Run the client application

In the terminal pane, use the following command to sign into Azure.
```
 az login
```
Note: In most scenarios, just using az login will be sufficient. However, if you have subscriptions in multiple tenants, you may need to specify the tenant by using the –tenant parameter. See Sign into Azure interactively using the Azure CLI for details.
When prompted, follow the instructions to sign into Azure. Then complete the sign in process in the command line, viewing (and confirming if necessary) the details of the subscription containing your Foundry resource.
After you have signed in, enter the following command to run the application:
```
python image-client.py
```
When prompted, enter a request for an image, such as Create an image of a robot eating pizza.

After a moment or two, the app should confirm that the image has been saved. The image should appear in the images folder in your project directory with the name image_1.png.
Try a few more prompts. When you’re finished, enter quit to exit the program.

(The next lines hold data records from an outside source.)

(* Let $d,l,m\geq1$, fix arbitrary norms $\|\cdot\|$ on $H(d)$ and on $M_{lm}(\mathbb{R})$, and let $\mathcal{Q}=\{P_1,\dots,P_l\}$ be a measurement scheme of POVMs with outcome set $\{1,\dots,m\}$ which determines any pure state among all states. Then there is a constant $C_{\mathcal{Q}}>0$ such that for every $\epsilon>0$, every pure state $\sigma$ and every $f\in M_{lm}(\mathbb{R})$ with $\|f\|\leq\epsilon$, setting $b=M_{\mathcal{Q}}(\sigma)+f$, any minimizer $Y^*$ of the convex program $$\text{minimize } \|M_{\mathcal{Q}}(Y)-b\|_2\quad\text{subject to } Y\in H(d),\ Y\geq0$$ satisfies $\|Y^*-\sigma\|\leq C_{\mathcal{Q}}\,\epsilon$. Here $\|\cdot\|_2$ is the Hilbert–Schmidt (Frobenius) norm on $M_{lm}(\mathbb{R})$.
   Context: $H(d)$ is the real vector space of $d\times d$ complex Hermitian matrices and $M_{lm}(\mathbb{R})$ the real $l\times m$ matrices. A POVM with outcome set $\{1,\dots,m\}$ is a map $j\mapsto P(j)\in H(d)$ with $P(j)\geq0$ and $\sum_j P(j)=\mathbb{1}$. The scheme induces $M_{\mathcal{Q}}:H(d)\to M_{lm}(\mathbb{R})$, $M_{\mathcal{Q}}(X)_{i,j}=\mathrm{tr}(XP_i(j))$. A state is a positive semidefinite trace-one matrix; a pure state is a rank-one state $|\psi\rangle\langle\psi|$. $\mathcal{Q}$ determines any pure state among all states if for every pure state $\sigma$ and every state $\varrho$, $M_{\mathcal{Q}}(\sigma)=M_{\mathcal{Q}}(\varrho)$ implies $\varrho=\sigma$. *)

theory Defs
  imports "HOL-Analysis.Analysis"
begin

text \<open>d x d complex matrices, indexed by a finite type 'd (d = CARD('d)).\<close>

definition cmat_adj :: "complex^'d^'d \<Rightarrow> complex^'d^'d" where
  "cmat_adj X = (\<chi> i j. cnj (X $ j $ i))"

definition hermitian :: "complex^'d^'d \<Rightarrow> bool" where
  "hermitian X \<longleftrightarrow> cmat_adj X = X"

definition ctrace :: "complex^'d^'d \<Rightarrow> complex" where
  "ctrace X = (\<Sum>i\<in>UNIV. X $ i $ i)"

definition psd :: "complex^'d^'d \<Rightarrow> bool" where
  "psd X \<longleftrightarrow> hermitian X \<and>
     (\<forall>v::complex^'d. let q = (\<Sum>i\<in>UNIV. \<Sum>j\<in>UNIV. cnj (v $ i) * X $ i $ j * v $ j)
                        in Im q = 0 \<and> 0 \<le> Re q)"

definition is_state :: "complex^'d^'d \<Rightarrow> bool" where
  "is_state X \<longleftrightarrow> psd X \<and> ctrace X = 1"

definition is_pure_state :: "complex^'d^'d \<Rightarrow> bool" where
  "is_pure_state X \<longleftrightarrow> is_state X \<and>
     (\<exists>\<psi>::complex^'d. norm \<psi> = 1 \<and> X = (\<chi> i j. \<psi> $ i * cnj (\<psi> $ j)))"

definition is_povm :: "('m::finite \<Rightarrow> complex^'d^'d) \<Rightarrow> bool" where
  "is_povm P \<longleftrightarrow> (\<forall>j. psd (P j)) \<and> (\<Sum>j\<in>UNIV. P j) = mat 1"

text \<open>Measurement scheme Q = {P_1..P_l}, l = CARD('l); the induced map into l x m real matrices.\<close>
definition meas_map :: "('l::finite \<Rightarrow> 'm::finite \<Rightarrow> complex^'d^'d) \<Rightarrow> complex^'d^'d \<Rightarrow> real^'m^'l" where
  "meas_map Q X = (\<chi> i j. Re (ctrace (X ** Q i j)))"

definition determines_pure :: "('l::finite \<Rightarrow> 'm::finite \<Rightarrow> complex^'d^'d) \<Rightarrow> bool" where
  "determines_pure Q \<longleftrightarrow>
     (\<forall>\<sigma> \<rho>. is_pure_state \<sigma> \<longrightarrow> is_state \<rho> \<longrightarrow> meas_map Q \<sigma> = meas_map Q \<rho> \<longrightarrow> \<rho> = \<sigma>)"

definition is_norm_on :: "'a::real_vector set \<Rightarrow> ('a \<Rightarrow> real) \<Rightarrow> bool" where
  "is_norm_on S N \<longleftrightarrow>
     (\<forall>x\<in>S. 0 \<le> N x) \<and> (\<forall>x\<in>S. N x = 0 \<longleftrightarrow> x = 0) \<and>
     (\<forall>c x. x \<in> S \<longrightarrow> N (c *\<^sub>R x) = \<bar>c\<bar> * N x) \<and>
     (\<forall>x\<in>S. \<forall>y\<in>S. N (x + y) \<le> N x + N y)"

definition frob :: "real^'m^'l \<Rightarrow> real" where
  "frob A = sqrt (\<Sum>i\<in>UNIV. \<Sum>j\<in>UNIV. (A $ i $ j)^2)"

definition is_minimizer :: "('l::finite \<Rightarrow> 'm::finite \<Rightarrow> complex^'d^'d) \<Rightarrow> real^'m^'l \<Rightarrow> complex^'d^'d \<Rightarrow> bool" where
  "is_minimizer Q b Y \<longleftrightarrow> psd Y \<and>
     (\<forall>Z. psd Z \<longrightarrow> frob (meas_map Q Y - b) \<le> frob (meas_map Q Z - b))"

end

theory Submission
  imports Defs
begin

text \<open>
  Write the pure state as \<open>\<sigma> = |\<psi>\<rangle>\<langle>\<psi>|\<close>. Since a minimizer \<open>Y\<close> is positive
  semidefinite, \<open>Y - \<sigma>\<close> is positive on the orthogonal complement of \<open>\<psi>\<close>, i.e. it lies
  in the tangent cone \<open>T\<^sub>\<psi>\<close> of the positive semidefinite cone at \<open>\<sigma>\<close>.

  The measurement map is injective on every \<open>T\<^sub>\<psi>\<close>: if \<open>M\<^sub>Q X = 0\<close> then
  \<open>tr X = 0\<close>, and \<open>X\<close> has at most one negative eigenvalue. With \<open>\<phi>\<close> a unit
  eigenvector of the least eigenvalue, \<open>\<rho> = X/s + |\<phi>\<rangle>\<langle>\<phi>|\<close> is a state for large
  \<open>s\<close> with the same measurement outcomes as the pure state \<open>|\<phi>\<rangle>\<langle>\<phi>|\<close>, so
  \<open>\<rho> = |\<phi>\<rangle>\<langle>\<phi>|\<close> and \<open>X = 0\<close>. As the pairs \<open>(\<psi>, X)\<close> with unit \<open>\<psi>\<close>,
  unit \<open>X\<close> and \<open>X \<in> T\<^sub>\<psi>\<close> form a compact set, \<open>\<parallel>M\<^sub>Q X\<parallel> \<ge> c \<parallel>X\<parallel>\<close> on all
  tangent cones with one \<open>c > 0\<close>.

  Minimality of \<open>Y\<close> (compare with the candidate \<open>\<sigma>\<close>) gives
  \<open>\<parallel>M\<^sub>Q (Y - \<sigma>)\<parallel> \<le> 2 \<parallel>f\<parallel>\<close>; equivalence of norms in finite dimension finishes.
\<close>

section \<open>Norms on finite-dimensional spaces\<close>

lemma is_norm_on_nonneg: "is_norm_on S N \<Longrightarrow> x \<in> S \<Longrightarrow> 0 \<le> N x"
  by (simp add: is_norm_on_def)

lemma is_norm_on_eq_0_iff: "is_norm_on S N \<Longrightarrow> x \<in> S \<Longrightarrow> N x = 0 \<longleftrightarrow> x = 0"
  by (simp add: is_norm_on_def)

lemma is_norm_on_scaleR: "is_norm_on S N \<Longrightarrow> x \<in> S \<Longrightarrow> N (c *\<^sub>R x) = \<bar>c\<bar> * N x"
  by (simp add: is_norm_on_def)

lemma is_norm_on_triangle: "is_norm_on S N \<Longrightarrow> x \<in> S \<Longrightarrow> y \<in> S \<Longrightarrow> N (x + y) \<le> N x + N y"
  by (simp add: is_norm_on_def)

lemma is_norm_on_sum_le:
  assumes "subspace S" "is_norm_on S N" "finite A" "\<And>a. a \<in> A \<Longrightarrow> f a \<in> S"
  shows "N (\<Sum>a\<in>A. f a) \<le> (\<Sum>a\<in>A. N (f a))"
  using assms(3,4)
proof (induction A rule: finite_induct)
  case empty
  show ?case
    using is_norm_on_scaleR[OF assms(2) subspace_0[OF assms(1)], of 0] by simp
next
  case (insert a A)
  have "N (f a + (\<Sum>a\<in>A. f a)) \<le> N (f a) + N (\<Sum>a\<in>A. f a)"
    using insert.prems by (intro is_norm_on_triangle[OF assms(2)] subspace_sum[OF assms(1)]) auto
  with insert show ?case by simp
qed

lemma is_norm_on_le_norm:
  fixes N :: "'a::euclidean_space \<Rightarrow> real"
  assumes S: "subspace S" and N: "is_norm_on S N"
  shows "\<exists>K. \<forall>x\<in>S. N x \<le> K * norm x"
proof -
  obtain B where BS: "B \<subseteq> S" and orth: "pairwise orthogonal B"
    and unit: "\<And>v. v \<in> B \<Longrightarrow> norm v = 1" and indep: "independent B" and span: "span B = S"
    using orthonormal_basis_subspace[OF S] by metis
  have fin: "finite B" using indep by (rule independent_imp_finite)
  have "N x \<le> (\<Sum>v\<in>B. N v) * norm x" if x: "x \<in> S" for x
  proof -
    have "N x = N (\<Sum>v\<in>B. (x \<bullet> v) *\<^sub>R v)"
      using orthonormal_basis_expand[OF orth unit _ fin] x span by simp
    also have "\<dots> \<le> (\<Sum>v\<in>B. N ((x \<bullet> v) *\<^sub>R v))"
      using BS by (intro is_norm_on_sum_le[OF S N fin] subspace_scale[OF S]) auto
    also have "\<dots> = (\<Sum>v\<in>B. \<bar>x \<bullet> v\<bar> * N v)"
      using BS by (intro sum.cong refl is_norm_on_scaleR[OF N]) auto
    also have "\<dots> \<le> (\<Sum>v\<in>B. norm x * N v)"
    proof (intro sum_mono mult_right_mono)
      fix v assume "v \<in> B"
      then show "\<bar>x \<bullet> v\<bar> \<le> norm x" "0 \<le> N v"
        using Cauchy_Schwarz_ineq2[of x v] unit BS is_norm_on_nonneg[OF N] by auto
    qed
    finally show ?thesis by (simp add: sum_distrib_left mult.commute)
  qed
  then show ?thesis by blast
qed

lemma is_norm_on_ge_norm:
  fixes N :: "'a::euclidean_space \<Rightarrow> real"
  assumes N: "is_norm_on UNIV N"
  shows "\<exists>c>0. \<forall>x. c * norm x \<le> N x"
proof -
  obtain K where K: "\<And>x. N x \<le> K * norm x"
    using is_norm_on_le_norm[OF subspace_UNIV N] by blast
  have "K \<ge> 0"
  proof -
    obtain b :: 'a where "b \<in> Basis" using nonempty_Basis by blast
    then show ?thesis using K[of b] is_norm_on_nonneg[OF N, of b] by simp
  qed
  have "\<bar>N x - N y\<bar> \<le> K * norm (x - y)" for x y
  proof -
    have "N x \<le> N y + N (x - y)" "N y \<le> N x + N (y - x)"
      using is_norm_on_triangle[OF N, of y "x - y"] is_norm_on_triangle[OF N, of x "y - x"]
      by simp_all
    moreover have "N (y - x) = N (x - y)"
      using is_norm_on_scaleR[OF N, of "x - y" "-1"] by simp
    ultimately show ?thesis using K[of "x - y"] by linarith
  qed
  then have "K-lipschitz_on UNIV N"
    using \<open>K \<ge> 0\<close> by (intro lipschitz_onI) (simp_all add: dist_norm dist_real_def)
  then have cont: "continuous_on (sphere 0 1) N"
    by (rule continuous_on_subset[OF lipschitz_on_continuous_on]) simp
  obtain x0 :: 'a where x0: "norm x0 = 1" and min: "\<And>y. norm y = 1 \<Longrightarrow> N x0 \<le> N y"
    using continuous_attains_inf[OF compact_sphere _ cont] by auto
  have "x0 \<noteq> 0" using x0 by auto
  then have "0 < N x0"
    using is_norm_on_nonneg[OF N, of x0] is_norm_on_eq_0_iff[OF N, of x0] by simp
  moreover have "N x0 * norm x \<le> N x" for x
  proof (cases "x = 0")
    case False
    have "N x0 \<le> N ((1 / norm x) *\<^sub>R x)" using min False by simp
    also have "\<dots> = N x / norm x" using is_norm_on_scaleR[OF N] by simp
    finally show ?thesis using False by (simp add: le_divide_eq)
  qed (simp add: is_norm_on_nonneg[OF N])
  ultimately show ?thesis by blast
qed

section \<open>Sesquilinear calculus on complex vectors\<close>

definition cinner :: "complex^'d \<Rightarrow> complex^'d \<Rightarrow> complex" where
  "cinner u v = (\<Sum>i\<in>UNIV. cnj (u $ i) * v $ i)"

definition quad_form :: "complex^'d^'d \<Rightarrow> complex^'d \<Rightarrow> complex" where
  "quad_form X v = cinner v (X *v v)"

definition outer_prod :: "complex^'d \<Rightarrow> complex^'d^'d" where
  "outer_prod p = (\<chi> i j. p $ i * cnj (p $ j))"

lemma of_real_scalar_mult: "(of_real r :: complex) *s v = r *\<^sub>R v"
  by (simp add: vec_eq_iff scaleR_conv_of_real[where 'a=complex])

lemma cinner_add_left: "cinner (u + w) v = cinner u v + cinner w v"
  by (simp add: cinner_def sum.distrib algebra_simps)

lemma cinner_add_right: "cinner u (v + w) = cinner u v + cinner u w"
  by (simp add: cinner_def sum.distrib algebra_simps)

lemma cinner_diff_left: "cinner (u - w) v = cinner u v - cinner w v"
  by (simp add: cinner_def sum_subtractf algebra_simps)

lemma cinner_diff_right: "cinner u (v - w) = cinner u v - cinner u w"
  by (simp add: cinner_def sum_subtractf algebra_simps)

lemma cinner_scale_left: "cinner (c *s u) v = cnj c * cinner u v"
  by (simp add: cinner_def sum_distrib_left algebra_simps)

Note: In this simple app, we haven’t implemented logic to retain conversation history; so the model will treat each prompt as a new request with no context of the previous prompt.
Review the generated images in the images folder.

Summary

In this exercise, you used Microsoft Foundry and the Azure OpenAI SDK to create a client application uses a gpt-image model to generate images.

Clean up

If you’ve finished exploring image generation, you should delete the resources you have created in this exercise to avoid incurring unnecessary Azure costs.

Return to the browser tab containing the Azure portal (or re-open the Azure portal at https://portal.azure.com in a new browser tab) and view the contents of the resource group where you deployed the resources used in this exercise.
On the toolbar, select Delete resource group.
Enter the resource group name and confirm that you want to delete it.